## Work instruction:
Your answer must consist of exactly the lines below, starting with the line with "i \<and> (a" and going on through the line with "3 * \<kappa> / \<epsilon> \<le> 1", and nothing else.

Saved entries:
===============

lemma prod_ratio_le:
  fixes \<kappa> \<epsilon> R :: real and a \<rho> :: "nat \<Rightarrow> real" and n :: nat
  assumes "0 < \<kappa>" "0 < \<epsilon>" "\<epsilon> \<le> 1" "1 \<le> n"
    and \<rho>: "\<And>i. i \<in> {1..<n} \<Longrightarrow> 0 \<le> a i \<and> \<epsilon> \<le> \<rho> i \<and> a i - \<kappa> \<le> \<rho> i"
    and upper: "R \<le> (1 + 3 * \<kappa> / \<epsilon>) * (\<Prod>i\<in>{1..<n}. a i + 3 * \<kappa> / \<epsilon>)"
  shows "R / (\<Prod>i\<in>{1..<n}. \<rho> i) \<le> exp (11 * n * \<kappa> / \<epsilon>\<^sup>2)" (is "_ \<le> ?upper")
proof -
  define D where "D = \<kappa> / \<epsilon>\<^sup>2"
  have "0 \<le> D" unfolding D_def using assms(1) by simp
  have "0 < (\<Prod>i\<in>{1..<n}. \<rho> i)" using \<rho> assms(2) by (intro prod_pos) force
  have factor: "0 \<le> (a i + 3 * \<kappa> / \<epsilon>) / \<rho> i \<and> (a i + 3 * \<kappa> / \<epsilon>) / \<rho> i \<le> exp (4 * D)"
    if "i \<in> {1..<n}" for i
    using ratio_factor_upper[OF assms(1-3), of "\<rho> i" "a i"] \<rho>[OF that] assms(1,2)
    unfolding D_def by simp
  have "1 + 3 * \<kappa> / \<epsilon> \<le> 1 + 3 * D"
    unfolding D_def using assms(1-3) by (simp add: power2_eq_square divide_le_eq field_simps)
  also have "\<dots> \<le> exp (3 * D)" by (rule exp_ge_add_one_self)
  finally have "1 + 3 * \<kappa> / \<epsilon> \<le> exp (3 * D)" .
  have "R / (\<Prod>i\<in>{1..<n}. \<rho> i) \<le> (1 + 3 * \<kappa> / \<epsilon>) * (\<Prod>i\<in>{1..<n}. (a i + 3 * \<kappa> / \<epsilon>) / \<rho> i)"
    using upper \<open>0 < (\<Prod>i\<in>{1..<n}. \<rho> i)\<close> by (simp add: prod_dividef divide_right_mono)
  also have "\<dots> \<le> exp (3 * D) * exp (4 * D) ^ (n - 1)"
    using factor \<open>1 + 3 * \<kappa> / \<epsilon> \<le> exp (3 * D)\<close> \<open>0 \<le> D\<close>
    by (intro mult_mono prod_nonneg prod_le_power) auto
  also have "\<dots> = exp (3 * D + real (n - 1) * (4 * D))" by (simp add: exp_add exp_of_nat_mult)
  also have "\<dots> \<le> exp (real n * (11 * D))"
    using \<open>1 \<le> n\<close> mult_nonneg_nonneg[OF of_nat_0_le_iff[of n] \<open>0 \<le> D\<close>] \<open>0 \<le> D\<close>
    by (simp add: of_nat_diff algebra_simps)
  also have "\<dots> = ?upper" unfolding D_def by simp
  finally show ?thesis .
qed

===============

## Output for this task:
  have factor: "0 \<le> (a i + 3 * \<kappa> / \<epsilon>) / \<rho> i \<and> (a i + 3 * \<kappa> / \<epsilon>) / \<rho> i \<le> exp (4 * D)"
    if "i \<in> {1..<n}" for i
    using ratio_factor_upper[OF assms(1-3), of "\<rho> i" "a i"] \<rho>[OF that] assms(1,2)
    unfolding D_def by simp
  have "1 + 3 * \<kappa> / \<epsilon> \<le> 1 + 3 * D"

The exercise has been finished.